lemma visible_perimeter_le_of_between:
  assumes "min a c \<le> b" "b \<le> max a c"
  shows "measure lborel {t \<in> {-1/2..1/2}. \<not> cov (b + t, yc - 1/2)}
       + measure lborel {t \<in> {-1/2..1/2}. \<not> cov (b + t, yc + 1/2)}
       + measure lborel {t \<in> {-1/2..1/2}. \<not> cov (b - 1/2, yc + t)}
       + measure lborel {t \<in> {-1/2..1/2}. \<not> cov (b + 1/2, yc + t)} \<le> 1 + 2 * e"
proof -
  have "\<bar>b - a\<bar> + \<bar>b - c\<bar> \<le> 1"
    using assms dist_ac by (cases "a \<le> c") (simp_all add: min_def max_def)
  moreover have "a \<le> b \<or> c \<le> b" "b \<le> a \<or> b \<le> c"
    using assms by (auto simp: min_def max_def split: if_splits)
  ultimately show ?thesis
    using bottom_uncovered_le top_uncovered_le left_uncovered_le right_uncovered_le by fastforce
qed

end

lemma covered_if_in_front:
  assumes "strict_total_on {1..n} prec" "i \<in> {1..n}" "j \<in> {1..n}" "prec i j"
    and "p \<in> sq (x j) (y j)"
  shows "covered n x y prec i p"
proof -
  have "j \<noteq> i" "\<not> prec j i"
    using assms(1-4) unfolding strict_total_on_def by blast+
  then show ?thesis
    using assms(3,5) unfolding covered_def by blast
qed

lemma bad_square_if_two_corners_covered:
  assumes "p \<in> corners (x i) (y i)" "q \<in> corners (x i) (y i)" "p \<noteq> q"
    and "covered n x y prec i p" "covered n x y prec i q"
  shows "bad_square n x y prec i"
proof -
  have "card {p, q} \<le> card {c \<in> corners (x i) (y i). covered n x y prec i c}"
    using assms by (intro card_mono) (auto simp: corners_def)
  then show ?thesis
    using assms(3) by (simp add: bad_square_def)
qed

lemma standard_bad_square_if_vertical_side_covered:
  assumes "\<forall>t\<in>{y i - 1/2 .. y i + 1/2}. covered n x y prec i (x i + s, t)"
    and "s = -1/2 \<or> s = 1/2"
  shows "standard_bad_square n x y prec i"
proof -
  have "bad_square n x y prec i"
    using assms by (intro bad_square_if_two_corners_covered[where p = "(x i + s, y i - 1/2)"
        and q = "(x i + s, y i + 1/2)"]) (auto simp: corners_def)
  with assms show ?thesis
    unfolding standard_bad_square_def by (elim disjE) simp_all
qed

lemma sandwiched_square_if_neighbours_in_front:
  assumes "is_layout w n x prec" "w \<le> 2" "1 < i" "i < n" "prec i (i - 1)" "prec i (i + 1)"
    and "y (i - 1) = y i - e" "y (i + 1) = y i + e" "0 \<le> e" "e \<le> 1/2"
  shows "sandwiched_square (covered n x y prec i) (x (i - 1)) (x i) (x (i + 1)) (y i) e"
proof -
  have I: "i \<in> {1..n}" "i - 1 \<in> {1..n}" "i + 1 \<in> {1..n}"
    using assms(3,4) by auto
  have x_range: "1/2 \<le> x j \<and> x j \<le> 3/2" if "j \<in> {1..n}" for j
    using assms(1,2) that by (force simp: is_layout_def)
  have "strict_total_on {1..n} prec"
    using assms(1) by (simp add: is_layout_def)
  from covered_if_in_front[OF this I(1)] show ?thesis
    using I assms(5-10) x_range[OF I(1)] x_range[OF I(2)] x_range[OF I(3)]
    by unfold_locales (metis, metis, linarith+)
qed

lemma sq_gap_gt_if_reasonable:
  assumes "reasonable eps n x y prec" "i \<in> {1..n}"
  shows "sq_gap n x y prec i > eps"
proof -
  have "layout_gap n x y prec \<le> sq_gap n x y prec i"
    unfolding layout_gap_def using assms(2) by (intro Min_le) auto
  then show ?thesis
    using assms(1) by (simp add: reasonable_def)
qed

theorem lemma11:
  fixes w h :: real and k n i :: nat and y x :: "nat \<Rightarrow> real" and prec :: "nat \<Rightarrow> nat \<Rightarrow> bool"
  assumes "1 < w" "w \<le> 2" "h > 1" "k \<ge> 2"
    and "1/2 \<le> y 1" "y n \<le> h - 1/2"
    and "\<forall>j. 1 \<le> j \<and> j < n \<longrightarrow> y (j + 1) - y j = 1 / real k"
    and "is_layout w n x prec"
    and "reasonable (1 / real k) n x y prec"
    and "1 < i" "i < n"
    and "prec i (i - 1)" "prec i (i + 1)"
  shows "standard_bad_square n x y prec i"
proof -
  define e where "e = 1 / real k"
  have "1 \<le> i - 1 \<and> i - 1 < n" "1 \<le> i \<and> i < n" "i - 1 + 1 = i"
    using assms(10,11) by auto
  then have "y (i - 1) = y i - e" "y (i + 1) = y i + e"
    using assms(7)[rule_format, of "i - 1"] assms(7)[rule_format, of i] by (simp_all add: e_def)
  moreover have "0 \<le> e" "e \<le> 1/2"
    using assms(4) by (auto simp: e_def field_simps)
  ultimately interpret sandwiched_square "covered n x y prec i" "x (i - 1)" "x i" "x (i + 1)" "y i" e
    using assms(2,8,10-13) by (intro sandwiched_square_if_neighbours_in_front)
  consider "max (x (i - 1)) (x (i + 1)) \<le> x i" | "x i \<le> min (x (i - 1)) (x (i + 1))"
    | "min (x (i - 1)) (x (i + 1)) \<le> x i" "x i \<le> max (x (i - 1)) (x (i + 1))" by linarith
  then show ?thesis
  proof cases
    case 1
    then show ?thesis
      using left_side_covered by (intro standard_bad_square_if_vertical_side_covered[where s = "-1/2"]) auto
  next
    case 2
    then show ?thesis
      using right_side_covered by (intro standard_bad_square_if_vertical_side_covered[where s = "1/2"]) auto
  next
    case 3
    have "i \<in> {1..n}"
      using assms(10,11) by simp
    from visible_perimeter_le_of_between[OF 3] e_le sq_gap_gt_if_reasonable[OF assms(9) this]
    have False by (simp add: sq_gap_def vis_perim_def e_def)
    then show ?thesis ..
  qed
qed

end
^^^^^^^^
**Task brief:**
Send back exactly the lines of the listing above starting at the one with "using assms(1,2) that" and ending at the one with "using I assms(5-10)", inclusive, and no others.

**Solution to this exercise:**
    using assms(1,2) that by (force simp: is_layout_def)
  have "strict_total_on {1..n} prec"
    using assms(1) by (simp add: is_layout_def)
  from covered_if_in_front[OF this I(1)] show ?thesis
    using I assms(5-10) x_range[OF I(1)] x_range[OF I(2)] x_range[OF I(3)]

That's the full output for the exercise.